You can also add an Output Set, if there are outputs of the model you’d like to observe. Note that unlike the scorings, which may also be output as scalar results, the output set will not be used for the optimization, but only for visualization.

You can also add Protocol arms, in order to run your model in several different circumstances (typically, different types of experiments, or different doses of a trial).

### Inputs to calibrate

The inputs to calibrate are the model components that will be used for the optimization of the weighted score. You will need to select here the parameters, species or compartments for which the values (respectively initial condition or volume) are unknown. You also need to ensure that the selected inputs actually have an impact on the outpurs you want to optimize: you can use the contribution analysis tool for that.

For each selected input, you need to define:

The mean and SD: the default values are taken from your CM, and will be used to define a normal distribution from which the patients for the first iteration will be drawn.

The bounds are used in the calibration to penalize unacceptable values of a given parameter, typically to avoid wrong behaviors of the model, such as a KM parameter becoming negative.
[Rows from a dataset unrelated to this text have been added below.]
lemma potential_inv_state: "n \<le> length tr \<Longrightarrow> potential_inv n"
proof (induction n)
  case 0
  then show ?case using state_0 qpos_r0 by (simp add: potential_inv_def potential_def init_state_def)
next
  case (Suc n)
  then have n: "n < length tr" by simp
  let ?u = "ev_node nd (evt n)" and ?g = "ev_req (evt n)"
  have links: "\<forall>x\<in>V. lnk (state n) x \<noteq> x \<longrightarrow> potential n x \<le> potential n (lnk (state n) x)"
    and msgs: "\<And>r a y t. msgs (state n) r = Some (a, y, t) \<Longrightarrow> min (qpos r) c \<le> potential n a"
    using Suc n unfolding potential_inv_def by auto
  have old_links: "potential (Suc n) x \<le> potential (Suc n) (lnk (state n) x)"
    if "x \<in> V" "lnk (state n) x \<noteq> x" "x \<noteq> ?u" for x
    using links that potential_Suc[OF n, of x] potential_Suc_mono[of n "lnk (state n) x"] by auto
  have old_msgs: "min (qpos r) c \<le> potential (Suc n) a" if "msgs (state n) r = Some (a, y, t)" for r a y t
    using msgs[OF that] potential_Suc_mono[of n a] by linarith
  have new_at_u: "potential (Suc n) ?u = min (qpos ?g) c" using potential_Suc[OF n] by simp
  from state_Suc[OF n] show ?case
  proof (cases rule: step_SomeE)
    case (issue_sink g)
    then show ?thesis using old_links old_msgs unfolding potential_inv_def by auto
  next
    case (issue_send g)
    then show ?thesis using old_links old_msgs new_at_u unfolding potential_inv_def by auto
  next
    case (recv_sink g w u t0)
    have "w \<noteq> u" using in_flight_edge[OF _ recv_sink(2)] n edge by auto
    then have "potential (Suc n) u \<le> potential (Suc n) w"
      using msgs[OF recv_sink(2)] new_at_u potential_Suc[OF n, of w] recv_sink(1) by simp
    then show ?thesis using old_links old_msgs recv_sink unfolding potential_inv_def by auto
  next
    case (recv_forward g w u t0)
    have "w \<noteq> u" using in_flight_edge[OF _ recv_forward(2)] n edge by auto
    then have "potential (Suc n) u \<le> potential (Suc n) w"
      using msgs[OF recv_forward(2)] new_at_u potential_Suc[OF n, of w] recv_forward(1) by simp
    then show ?thesis using old_links old_msgs new_at_u recv_forward unfolding potential_inv_def by auto
  qed
qed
For parameters that you need to explore on a large range, you can use a log transformation. In that case, In that case we perform a change of variables and calibrate the log of the parameter. This means in particular that the the mean and SD values are those of the log (i.e. you should put a mean of 1 if you want your parameter to be sampled around 10).

Adding too many inputs to calibrate or very wide ranges will lead to the parameter space to explore being huge, and therefore maybe not fully explored. On the other hand, having a too small parameter space may not allow you to optimize your weighted score. It is usually recommended to have 3 to 10 inputs to calibrate, possibly by doing several iterative calibration steps.